Your answer should be only the lines below from the one with "imports Defs" to the one with "back-cumulant has trivial", repeated exactly, ends included.

(Entries taken from a collection):
>>>

definition back_cumulant :: "nat \<Rightarrow> circuit \<Rightarrow> fault \<Rightarrow> fault" where
  "back_cumulant n C F = (\<lambda>l. if l \<le> depth C then bc_aux n C F (depth C - l) else F l)"

text \<open>F(u) = prod_j eta_{l_j - 0.5}(S_j^{u_j}); level l_j - 0.5 has index l_j - 1.\<close>
definition fault_of_outcomes :: "circuit \<Rightarrow> (nat \<Rightarrow> bool) \<Rightarrow> fault" where
  "fault_of_outcomes C u =
     foldr (\<lambda>j F. fault_mult (eta (fst (meas_list C ! j) - 1)
                               (if u j then snd (meas_list C ! j) else pauli_I)) F)
           [0..<num_meas C] (\<lambda>_. pauli_I)"

definition bitvecs :: "nat \<Rightarrow> (nat \<Rightarrow> bool) set" where
  "bitvecs m = {u. \<forall>j\<ge>m. \<not> u j}"

definition bv_add :: "(nat \<Rightarrow> bool) \<Rightarrow> (nat \<Rightarrow> bool) \<Rightarrow> nat \<Rightarrow> bool" where
  "bv_add u v = (\<lambda>j. u j \<noteq> v j)"

end

theory Submission
  imports Defs
begin

text \<open>Both maps in u \<mapsto> F(u) \<mapsto> back-cumulant of F(u) are morphisms: F is a product
  of eta's, and every step of the back-cumulant multiplies a component by U^(-1) P U, which is
  multiplicative on Paulis modulo phases because U normalises the Pauli group.  The
  back-cumulant has trivial kernel, as its components determine those of F from the top
  level down.  F(u) has trivial kernel because the measurements of one level have disjoint
  supports and are nontrivial, so each u_j is visible on some qubit of level l_j - 0.5.\<close>

section \<open>Pauli matrices\<close>

fun pauli_xmask :: "nat \<Rightarrow> pauli \<Rightarrow> nat" where
  "pauli_xmask 0 P = 0"
| "pauli_xmask (Suc n) P = (if fst (P n) then set_bit n (pauli_xmask n P) else pauli_xmask n P)"

lemma bit_pauli_xmask: "bit (pauli_xmask n P) q \<longleftrightarrow> q < n \<and> fst (P q)"
  by (induction n) (auto simp: bit_set_bit_iff less_Suc_eq)

lemma nat_less_power_iff_high_bits: "(x::nat) < 2^n \<longleftrightarrow> (\<forall>q\<ge>n. \<not> bit x q)"
proof
  assume "x < 2^n" then show "\<forall>q\<ge>n. \<not> bit x q"
    by (metis bit_take_bit_iff linorder_not_le take_bit_nat_eq_self_iff)
next
  assume "\<forall>q\<ge>n. \<not> bit x q"
  then have "take_bit n x = x" by (intro bit_eqI) (auto simp: bit_take_bit_iff not_le)
  then show "x < 2^n" by (metis take_bit_nat_eq_self_iff)
qed

lemma pauli_xmask_less: "pauli_xmask n P < 2^n"
  by (simp add: nat_less_power_iff_high_bits bit_pauli_xmask)

lemma xor_less_power: "(a::nat) < 2^n \<Longrightarrow> b < 2^n \<Longrightarrow> xor a b < 2^n"
  by (simp add: nat_less_power_iff_high_bits bit_xor_iff)

lemma pauli_xmask_mult: "pauli_xmask n (pauli_mult P Q) = xor (pauli_xmask n P) (pauli_xmask n Q)"
  by (rule bit_eqI) (auto simp: bit_xor_iff bit_pauli_xmask pauli_mult_def)

lemma pauli_xmask_I: "pauli_xmask n pauli_I = 0"
  by (induction n) (auto simp: pauli_I_def)

definition pauli_sign :: "nat \<Rightarrow> pauli \<Rightarrow> nat \<Rightarrow> complex" where
  "pauli_sign n P c = (\<Prod>q<n. if snd (P q) \<and> bit c q then -1 else 1)"

lemma pauli_mat_index:
  assumes r: "r < 2^n" and c: "c < 2^n"
  shows "pauli_mat n P $$ (r, c) = (if r = xor c (pauli_xmask n P) then pauli_sign n P c else 0)"
proof -
  have "(\<forall>q<n. bit r q = (bit c q \<noteq> fst (P q))) \<longleftrightarrow> r = xor c (pauli_xmask n P)"
  proof
    assume low: "\<forall>q<n. bit r q = (bit c q \<noteq> fst (P q))"
    show "r = xor c (pauli_xmask n P)"
    proof (rule bit_eqI)
      fix q show "bit r q = bit (xor c (pauli_xmask n P)) q"
        using low r c by (cases "q < n") (auto simp: bit_xor_iff bit_pauli_xmask nat_less_power_iff_high_bits)
    qed
  qed (auto simp: bit_xor_iff bit_pauli_xmask)
  with r c show ?thesis unfolding pauli_mat_def pauli_sign_def by simp
qed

<<<

(Output below):
  imports Defs
begin

text \<open>Both maps in u \<mapsto> F(u) \<mapsto> back-cumulant of F(u) are morphisms: F is a product
  of eta's, and every step of the back-cumulant multiplies a component by U^(-1) P U, which is
  multiplicative on Paulis modulo phases because U normalises the Pauli group.  The
  back-cumulant has trivial kernel, as its components determine those of F from the top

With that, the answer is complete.